EXERCISE REQUIREMENTS ->
Read the data below line by line and state how many lines hold "Defs". Nothing else belongs in the answer.

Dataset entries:
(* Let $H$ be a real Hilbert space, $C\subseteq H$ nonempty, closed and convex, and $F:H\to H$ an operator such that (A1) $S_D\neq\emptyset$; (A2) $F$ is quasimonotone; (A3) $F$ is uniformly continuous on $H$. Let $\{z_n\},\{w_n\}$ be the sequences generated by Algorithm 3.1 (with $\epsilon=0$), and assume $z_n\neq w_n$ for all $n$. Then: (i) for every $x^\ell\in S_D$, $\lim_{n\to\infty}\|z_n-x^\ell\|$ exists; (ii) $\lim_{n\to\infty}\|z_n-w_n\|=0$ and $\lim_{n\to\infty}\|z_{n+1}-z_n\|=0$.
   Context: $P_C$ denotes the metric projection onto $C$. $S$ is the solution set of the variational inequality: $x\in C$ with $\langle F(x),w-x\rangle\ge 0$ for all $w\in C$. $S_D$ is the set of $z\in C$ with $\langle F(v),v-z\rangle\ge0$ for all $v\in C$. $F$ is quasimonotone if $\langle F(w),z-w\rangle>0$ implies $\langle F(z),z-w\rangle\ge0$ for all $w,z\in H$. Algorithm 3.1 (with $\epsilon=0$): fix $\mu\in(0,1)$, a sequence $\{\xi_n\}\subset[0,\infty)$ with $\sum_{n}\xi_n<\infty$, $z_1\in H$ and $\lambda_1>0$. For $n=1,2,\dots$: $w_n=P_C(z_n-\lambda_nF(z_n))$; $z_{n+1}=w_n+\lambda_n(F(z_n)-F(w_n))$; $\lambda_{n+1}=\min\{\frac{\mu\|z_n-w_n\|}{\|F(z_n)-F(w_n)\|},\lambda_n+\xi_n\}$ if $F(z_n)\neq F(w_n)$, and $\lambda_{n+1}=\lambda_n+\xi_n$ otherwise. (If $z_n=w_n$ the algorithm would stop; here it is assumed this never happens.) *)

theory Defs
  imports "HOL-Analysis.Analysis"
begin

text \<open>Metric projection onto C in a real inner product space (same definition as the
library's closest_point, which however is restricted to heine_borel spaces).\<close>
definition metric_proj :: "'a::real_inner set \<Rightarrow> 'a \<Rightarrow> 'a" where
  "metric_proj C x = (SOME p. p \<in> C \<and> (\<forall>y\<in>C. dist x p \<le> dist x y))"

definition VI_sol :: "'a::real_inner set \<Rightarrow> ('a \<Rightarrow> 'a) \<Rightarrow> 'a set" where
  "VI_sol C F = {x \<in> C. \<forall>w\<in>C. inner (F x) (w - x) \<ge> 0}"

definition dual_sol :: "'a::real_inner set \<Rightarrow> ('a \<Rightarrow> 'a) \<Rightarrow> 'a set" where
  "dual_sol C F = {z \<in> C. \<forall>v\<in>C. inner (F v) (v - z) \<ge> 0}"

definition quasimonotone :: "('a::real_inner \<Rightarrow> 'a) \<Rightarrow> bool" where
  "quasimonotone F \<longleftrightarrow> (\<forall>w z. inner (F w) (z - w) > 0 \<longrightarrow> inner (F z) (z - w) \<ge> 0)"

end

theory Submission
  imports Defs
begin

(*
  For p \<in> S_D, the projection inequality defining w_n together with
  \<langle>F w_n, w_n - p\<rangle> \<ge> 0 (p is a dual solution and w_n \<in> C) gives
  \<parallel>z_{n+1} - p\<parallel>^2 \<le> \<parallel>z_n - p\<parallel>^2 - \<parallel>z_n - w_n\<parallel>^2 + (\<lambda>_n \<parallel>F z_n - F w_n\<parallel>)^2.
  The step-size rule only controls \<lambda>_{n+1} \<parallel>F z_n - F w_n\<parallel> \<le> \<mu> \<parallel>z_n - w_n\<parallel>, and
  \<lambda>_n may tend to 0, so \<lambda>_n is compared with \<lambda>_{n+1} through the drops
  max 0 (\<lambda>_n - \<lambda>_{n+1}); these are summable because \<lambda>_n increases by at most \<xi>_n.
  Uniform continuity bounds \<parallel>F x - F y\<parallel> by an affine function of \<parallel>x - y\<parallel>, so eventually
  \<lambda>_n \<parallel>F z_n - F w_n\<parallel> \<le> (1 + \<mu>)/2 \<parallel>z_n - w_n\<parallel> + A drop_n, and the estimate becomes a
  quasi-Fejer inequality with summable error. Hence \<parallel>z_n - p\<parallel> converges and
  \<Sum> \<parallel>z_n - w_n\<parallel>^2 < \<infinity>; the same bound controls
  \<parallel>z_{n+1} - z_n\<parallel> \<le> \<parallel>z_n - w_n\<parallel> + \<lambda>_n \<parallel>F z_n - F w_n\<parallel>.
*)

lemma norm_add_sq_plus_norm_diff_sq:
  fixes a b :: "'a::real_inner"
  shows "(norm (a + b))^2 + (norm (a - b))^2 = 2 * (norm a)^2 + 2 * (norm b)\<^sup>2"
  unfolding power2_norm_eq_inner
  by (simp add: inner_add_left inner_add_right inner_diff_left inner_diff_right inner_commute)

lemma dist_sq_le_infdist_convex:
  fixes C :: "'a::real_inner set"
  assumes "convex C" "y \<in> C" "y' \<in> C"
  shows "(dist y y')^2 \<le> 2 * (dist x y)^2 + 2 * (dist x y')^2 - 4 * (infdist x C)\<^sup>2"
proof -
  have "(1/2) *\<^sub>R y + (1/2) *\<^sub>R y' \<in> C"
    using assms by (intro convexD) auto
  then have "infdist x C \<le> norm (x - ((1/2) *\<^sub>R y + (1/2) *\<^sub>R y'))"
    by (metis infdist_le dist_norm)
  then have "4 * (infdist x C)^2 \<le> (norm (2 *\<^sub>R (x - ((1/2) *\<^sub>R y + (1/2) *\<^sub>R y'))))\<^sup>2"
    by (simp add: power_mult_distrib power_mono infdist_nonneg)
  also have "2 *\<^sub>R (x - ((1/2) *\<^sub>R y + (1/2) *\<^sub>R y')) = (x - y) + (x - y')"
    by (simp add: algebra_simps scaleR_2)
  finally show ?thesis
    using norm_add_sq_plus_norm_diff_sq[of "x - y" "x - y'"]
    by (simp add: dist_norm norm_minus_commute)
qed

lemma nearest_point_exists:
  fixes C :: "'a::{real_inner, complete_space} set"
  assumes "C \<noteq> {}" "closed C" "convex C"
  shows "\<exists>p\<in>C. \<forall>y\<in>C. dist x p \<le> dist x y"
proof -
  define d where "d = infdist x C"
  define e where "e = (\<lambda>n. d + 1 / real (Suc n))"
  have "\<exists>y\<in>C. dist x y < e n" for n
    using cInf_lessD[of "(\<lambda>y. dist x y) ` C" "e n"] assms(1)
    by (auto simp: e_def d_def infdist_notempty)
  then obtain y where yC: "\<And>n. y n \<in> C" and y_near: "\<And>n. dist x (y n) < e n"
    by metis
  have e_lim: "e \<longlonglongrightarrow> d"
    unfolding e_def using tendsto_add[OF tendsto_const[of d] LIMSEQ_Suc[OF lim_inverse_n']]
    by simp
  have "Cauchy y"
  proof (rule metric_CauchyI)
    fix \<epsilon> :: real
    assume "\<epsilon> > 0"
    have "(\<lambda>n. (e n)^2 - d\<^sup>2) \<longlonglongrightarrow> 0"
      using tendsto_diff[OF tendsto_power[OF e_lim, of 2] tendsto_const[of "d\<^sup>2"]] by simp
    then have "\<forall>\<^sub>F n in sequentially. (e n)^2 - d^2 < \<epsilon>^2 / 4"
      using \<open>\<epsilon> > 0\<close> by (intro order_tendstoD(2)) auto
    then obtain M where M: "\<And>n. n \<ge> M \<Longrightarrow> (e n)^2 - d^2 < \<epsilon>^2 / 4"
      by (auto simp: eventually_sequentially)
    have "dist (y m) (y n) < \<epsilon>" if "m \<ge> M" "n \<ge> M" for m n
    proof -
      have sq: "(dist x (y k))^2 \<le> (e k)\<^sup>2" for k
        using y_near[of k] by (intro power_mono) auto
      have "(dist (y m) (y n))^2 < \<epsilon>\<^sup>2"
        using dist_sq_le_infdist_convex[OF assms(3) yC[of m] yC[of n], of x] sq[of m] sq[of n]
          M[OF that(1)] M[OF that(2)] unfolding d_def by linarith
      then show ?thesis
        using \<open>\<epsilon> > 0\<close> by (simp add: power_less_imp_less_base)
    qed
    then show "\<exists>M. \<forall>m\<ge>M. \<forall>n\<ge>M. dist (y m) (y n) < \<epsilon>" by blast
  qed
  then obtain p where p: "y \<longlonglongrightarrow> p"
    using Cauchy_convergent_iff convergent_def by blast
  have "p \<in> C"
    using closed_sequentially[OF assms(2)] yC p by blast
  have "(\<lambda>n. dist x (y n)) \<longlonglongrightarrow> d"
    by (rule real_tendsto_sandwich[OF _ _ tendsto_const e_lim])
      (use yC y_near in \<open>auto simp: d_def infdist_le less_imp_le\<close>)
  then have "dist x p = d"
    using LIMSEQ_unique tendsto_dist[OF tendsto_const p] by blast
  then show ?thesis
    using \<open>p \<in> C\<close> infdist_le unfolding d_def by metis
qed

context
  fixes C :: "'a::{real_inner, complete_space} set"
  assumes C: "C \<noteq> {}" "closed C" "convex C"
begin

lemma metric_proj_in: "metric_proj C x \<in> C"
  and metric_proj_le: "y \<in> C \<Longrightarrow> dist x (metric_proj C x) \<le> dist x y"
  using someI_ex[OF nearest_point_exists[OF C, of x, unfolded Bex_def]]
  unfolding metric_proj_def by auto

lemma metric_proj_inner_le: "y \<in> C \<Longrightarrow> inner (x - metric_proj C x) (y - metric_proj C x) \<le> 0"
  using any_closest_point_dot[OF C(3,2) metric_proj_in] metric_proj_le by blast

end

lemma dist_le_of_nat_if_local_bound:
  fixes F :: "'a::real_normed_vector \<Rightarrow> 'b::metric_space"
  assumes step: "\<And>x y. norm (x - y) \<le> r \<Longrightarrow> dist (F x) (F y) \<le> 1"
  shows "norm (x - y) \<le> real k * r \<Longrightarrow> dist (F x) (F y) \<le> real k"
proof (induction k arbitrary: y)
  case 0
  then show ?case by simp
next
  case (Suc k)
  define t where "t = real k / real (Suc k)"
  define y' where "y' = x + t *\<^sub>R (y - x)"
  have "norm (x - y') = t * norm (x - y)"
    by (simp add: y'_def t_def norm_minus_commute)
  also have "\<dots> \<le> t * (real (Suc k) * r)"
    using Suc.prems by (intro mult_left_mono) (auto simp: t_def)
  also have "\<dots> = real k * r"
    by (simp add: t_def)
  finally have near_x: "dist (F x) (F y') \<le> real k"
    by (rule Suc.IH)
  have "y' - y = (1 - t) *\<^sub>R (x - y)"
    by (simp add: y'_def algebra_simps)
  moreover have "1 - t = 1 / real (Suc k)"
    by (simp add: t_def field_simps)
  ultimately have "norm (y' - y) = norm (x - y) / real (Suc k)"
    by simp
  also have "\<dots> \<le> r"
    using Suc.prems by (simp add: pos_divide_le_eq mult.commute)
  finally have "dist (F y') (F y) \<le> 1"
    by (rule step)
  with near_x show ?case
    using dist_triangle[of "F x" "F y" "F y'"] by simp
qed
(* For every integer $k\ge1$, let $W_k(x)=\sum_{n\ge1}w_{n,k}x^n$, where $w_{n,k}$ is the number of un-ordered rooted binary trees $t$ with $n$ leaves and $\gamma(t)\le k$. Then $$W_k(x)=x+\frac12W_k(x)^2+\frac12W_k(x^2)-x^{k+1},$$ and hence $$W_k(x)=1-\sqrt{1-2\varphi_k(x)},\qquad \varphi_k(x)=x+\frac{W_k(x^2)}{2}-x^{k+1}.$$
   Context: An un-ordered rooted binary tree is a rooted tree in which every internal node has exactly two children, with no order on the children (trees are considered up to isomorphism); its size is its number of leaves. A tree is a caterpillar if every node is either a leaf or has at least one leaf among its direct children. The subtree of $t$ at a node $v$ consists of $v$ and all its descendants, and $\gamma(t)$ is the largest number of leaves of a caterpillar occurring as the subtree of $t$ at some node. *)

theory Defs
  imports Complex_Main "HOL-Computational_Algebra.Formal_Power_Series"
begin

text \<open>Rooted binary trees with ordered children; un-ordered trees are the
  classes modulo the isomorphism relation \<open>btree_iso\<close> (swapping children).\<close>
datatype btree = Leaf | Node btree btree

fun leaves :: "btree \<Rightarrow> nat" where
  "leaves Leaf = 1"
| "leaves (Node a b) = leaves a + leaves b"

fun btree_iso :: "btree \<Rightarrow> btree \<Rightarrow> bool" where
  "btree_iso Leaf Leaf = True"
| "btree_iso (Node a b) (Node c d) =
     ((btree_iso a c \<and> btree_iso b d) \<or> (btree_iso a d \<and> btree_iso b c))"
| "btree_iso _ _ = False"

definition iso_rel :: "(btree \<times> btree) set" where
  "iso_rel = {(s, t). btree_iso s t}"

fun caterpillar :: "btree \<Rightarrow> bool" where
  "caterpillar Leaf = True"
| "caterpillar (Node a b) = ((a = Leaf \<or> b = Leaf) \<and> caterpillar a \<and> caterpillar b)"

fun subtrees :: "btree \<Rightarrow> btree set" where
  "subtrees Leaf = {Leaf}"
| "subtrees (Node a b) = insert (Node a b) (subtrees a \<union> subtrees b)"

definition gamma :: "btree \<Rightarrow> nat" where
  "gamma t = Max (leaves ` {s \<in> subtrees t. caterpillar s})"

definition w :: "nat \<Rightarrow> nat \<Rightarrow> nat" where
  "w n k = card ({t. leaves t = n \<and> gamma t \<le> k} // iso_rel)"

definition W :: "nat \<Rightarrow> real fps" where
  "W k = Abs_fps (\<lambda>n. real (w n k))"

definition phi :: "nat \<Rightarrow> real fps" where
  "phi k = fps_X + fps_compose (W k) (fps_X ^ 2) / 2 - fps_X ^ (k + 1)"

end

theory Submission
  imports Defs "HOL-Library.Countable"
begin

ANSWER SPACE ->
4